▶ **Exercise**: All lines from the first line of the material up to and including the line with "theory Defs" must be copied exactly, and no others.
◇ ◇ ◇ ◇
(* Let $d\ge1$ be an integer, let $\mathbf X=(X_1,\dots,X_d)$ be any random vector in $\mathbb R^d$ and let $\mathbf G=(G_1,\dots,G_d)$ be a Gaussian random vector with identity covariance matrix. Then $$d_{\mathrm K}(\mathbf X,\mathbf G)\le 3\log^{1/4}(d+1)\sqrt{W_1(\mathbf X,\mathbf G)}.$$
   Context: The Kolmogorov distance is $d_{\mathrm K}(\mathbf X,\mathbf G)=\sup|\mathbb P[\mathbf X\in Q]-\mathbb P[\mathbf G\in Q]|$, the supremum over all sets $Q=(-\infty,a_1]\times\dots\times(-\infty,a_d]$ with $a_i\in\mathbb R$. The $1$-Wasserstein distance is $W_1(\mathbf X,\mathbf G)=\inf\mathbb E\|\mathbf U-\mathbf V\|$, the infimum over all couplings $(\mathbf U,\mathbf V)$ with $\mathbf U\overset{law}{=}\mathbf X$, $\mathbf V\overset{law}{=}\mathbf G$, where $\|\cdot\|$ is the Euclidean norm (it may equal $+\infty$). *)

theory Defs
  imports "HOL-Probability.Probability"
begin

definition lower_orthant :: "real^'n \<Rightarrow> (real^'n) set" where
  "lower_orthant a = {x. \<forall>i. x $ i \<le> a $ i}"

definition kolmogorov_dist :: "(real^'n) measure \<Rightarrow> (real^'n) measure \<Rightarrow> real" where
  "kolmogorov_dist P Q =
     (SUP a. \<bar>measure P (lower_orthant a) - measure Q (lower_orthant a)\<bar>)"

definition couplings :: "(real^'n) measure \<Rightarrow> (real^'n) measure \<Rightarrow> ((real^'n) \<times> (real^'n)) measure set" where
  "couplings P Q = {C. prob_space C \<and> sets C = sets borel \<and>
                       distr C borel fst = P \<and> distr C borel snd = Q}"

definition wasserstein1 :: "(real^'n) measure \<Rightarrow> (real^'n) measure \<Rightarrow> ennreal" where
  "wasserstein1 P Q = (INF C \<in> couplings P Q. \<integral>\<^sup>+ z. ennreal (norm (fst z - snd z)) \<partial>C)"

definition gaussian_id_cov :: "real^'n \<Rightarrow> (real^'n) measure" where
  "gaussian_id_cov mu = density lborel
     (\<lambda>x. ennreal ((2 * pi) powr (- real CARD('n) / 2) * exp (- (norm (x - mu))\<^sup>2 / 2)))"

end

theory Submission
  imports Defs "HOL-Real_Asymp.Real_Asymp"
begin

text \<open>Under a coupling of \<open>X\<close> and \<open>G\<close> with transport cost \<open>W\<close>, Markov's inequality gives
  \<open>\<parallel>X - G\<parallel> \<le> \<epsilon>\<close> outside an event of probability \<open>W / \<epsilon>\<close>, so every orthant probability of \<open>X\<close>
  lies between those of \<open>G\<close> for the orthants shifted by \<open>\<plusminus>\<epsilon>\<close>, up to \<open>W / \<epsilon>\<close>.
  A Gaussian orthant probability is a product of normal distribution functions \<open>\<Phi>\<close>; its growth
  rate under a diagonal shift is at most \<open>H(t) + d \<phi>(t)\<close> for every \<open>t \<ge> 0\<close>, where
  \<open>H(t) = (t + \<surd>(t\<^sup>2 + 4)) / 2\<close>, by splitting the coordinates at level \<open>t\<close> and using
  the Mills ratio bound \<open>\<phi>(b) \<le> H(t) (1 - \<Phi>(b))\<close> for \<open>b < t\<close>. With \<open>t = \<surd>(2 log (d + 1))\<close> this is \<open>K \<le> 9/4 \<surd>log (d + 1)\<close>, and
  optimising \<open>K \<epsilon> + W / \<epsilon>\<close> over \<open>\<epsilon>\<close> gives \<open>2 \<surd>(K W) \<le> 3 log\<^sup>1\<^sup>/\<^sup>4 (d + 1) \<surd>W\<close>.\<close>

definition std_normal_cdf :: "real \<Rightarrow> real" where
  "std_normal_cdf x = (LBINT y=-\<infinity>..ereal x. std_normal_density y)"

lemma continuous_on_std_normal_density: "continuous_on S std_normal_density"
  unfolding normal_density_def by (intro continuous_intros) auto

lemma integrable_indicator_std_normal_density:
  "A \<in> sets borel \<Longrightarrow> integrable lborel (\<lambda>y. indicator A y * std_normal_density y)"
  using integrable_mult_indicator[of A lborel std_normal_density] by simp

lemma std_normal_cdf_nonneg: "0 \<le> std_normal_cdf x"
proof -
  have "einterval (-\<infinity>) (ereal x) = {..<x}" by (auto simp: einterval_def)
  then show ?thesis
    unfolding std_normal_cdf_def interval_lebesgue_integral_def set_lebesgue_integral_def
    by (auto intro!: integral_nonneg_AE)
qed

lemma nn_integral_std_normal_density_lessThan:
  "(\<integral>\<^sup>+y. ennreal (std_normal_density y) * indicator {..<x} y \<partial>lborel) = ennreal (std_normal_cdf x)"
proof -
  have "einterval (-\<infinity>) (ereal x) = {..<x}" by (auto simp: einterval_def)
  then have "std_normal_cdf x = (\<integral>y. indicator {..<x} y * std_normal_density y \<partial>lborel)"
    unfolding std_normal_cdf_def interval_lebesgue_integral_def set_lebesgue_integral_def by simp
  moreover have "(\<integral>\<^sup>+y. ennreal (std_normal_density y) * indicator {..<x} y \<partial>lborel)
      = (\<integral>\<^sup>+y. ennreal (indicator {..<x} y * std_normal_density y) \<partial>lborel)"
    by (intro nn_integral_cong) (auto split: split_indicator)
  ultimately show ?thesis
    by (simp add: nn_integral_eq_integral integrable_indicator_std_normal_density)
qed

lemma nn_integral_std_normal_density_atMost:
  "(\<integral>\<^sup>+y. ennreal (std_normal_density y) * indicator {..x} y \<partial>lborel) = ennreal (std_normal_cdf x)"
proof -
  have "AE y in lborel. ennreal (std_normal_density y) * indicator {..x} y
                      = ennreal (std_normal_density y) * indicator {..<x} y"
    using AE_lborel_singleton[of x] by eventually_elim (auto split: split_indicator)
  then show ?thesis
    by (simp add: nn_integral_cong_AE nn_integral_std_normal_density_lessThan)
qed

lemma nn_integral_std_normal_density: "(\<integral>\<^sup>+y. ennreal (std_normal_density y) \<partial>lborel) = 1"
proof -
  have "emeasure (density lborel std_normal_density) UNIV = 1"
    using prob_space.emeasure_space_1[OF prob_space_normal_density] by simp
  then show ?thesis by (simp add: emeasure_density)
qed

lemma std_normal_cdf_le_1: "std_normal_cdf x \<le> 1"
proof -
  have "ennreal (std_normal_cdf x) \<le> (\<integral>\<^sup>+y. ennreal (std_normal_density y) \<partial>lborel)"
    unfolding nn_integral_std_normal_density_lessThan[symmetric]
    by (intro nn_integral_mono) (auto split: split_indicator)
  then show ?thesis by (simp add: nn_integral_std_normal_density)
qed

lemma nn_integral_std_normal_density_atLeast:
  "(\<integral>\<^sup>+y. ennreal (std_normal_density y) * indicator {x..} y \<partial>lborel) = ennreal (1 - std_normal_cdf x)"
proof -
  have "ennreal (std_normal_cdf x) + (\<integral>\<^sup>+y. ennreal (std_normal_density y) * indicator {x..} y \<partial>lborel)
      = (\<integral>\<^sup>+y. ennreal (std_normal_density y) \<partial>lborel)"
    unfolding nn_integral_std_normal_density_lessThan[symmetric]
    by (subst nn_integral_add[symmetric]) (auto intro!: nn_integral_cong split: split_indicator)
  also have "\<dots> = ennreal (std_normal_cdf x) + ennreal (1 - std_normal_cdf x)"
    using std_normal_cdf_nonneg[of x] std_normal_cdf_le_1[of x]
    by (simp add: nn_integral_std_normal_density flip: ennreal_plus)
  finally show ?thesis by (simp add: ennreal_add_left_cancel)
qed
◇ ◇ ◇ ◇
▶ **Output**:
(* Let $d\ge1$ be an integer, let $\mathbf X=(X_1,\dots,X_d)$ be any random vector in $\mathbb R^d$ and let $\mathbf G=(G_1,\dots,G_d)$ be a Gaussian random vector with identity covariance matrix. Then $$d_{\mathrm K}(\mathbf X,\mathbf G)\le 3\log^{1/4}(d+1)\sqrt{W_1(\mathbf X,\mathbf G)}.$$
   Context: The Kolmogorov distance is $d_{\mathrm K}(\mathbf X,\mathbf G)=\sup|\mathbb P[\mathbf X\in Q]-\mathbb P[\mathbf G\in Q]|$, the supremum over all sets $Q=(-\infty,a_1]\times\dots\times(-\infty,a_d]$ with $a_i\in\mathbb R$. The $1$-Wasserstein distance is $W_1(\mathbf X,\mathbf G)=\inf\mathbb E\|\mathbf U-\mathbf V\|$, the infimum over all couplings $(\mathbf U,\mathbf V)$ with $\mathbf U\overset{law}{=}\mathbf X$, $\mathbf V\overset{law}{=}\mathbf G$, where $\|\cdot\|$ is the Euclidean norm (it may equal $+\infty$). *)

theory Defs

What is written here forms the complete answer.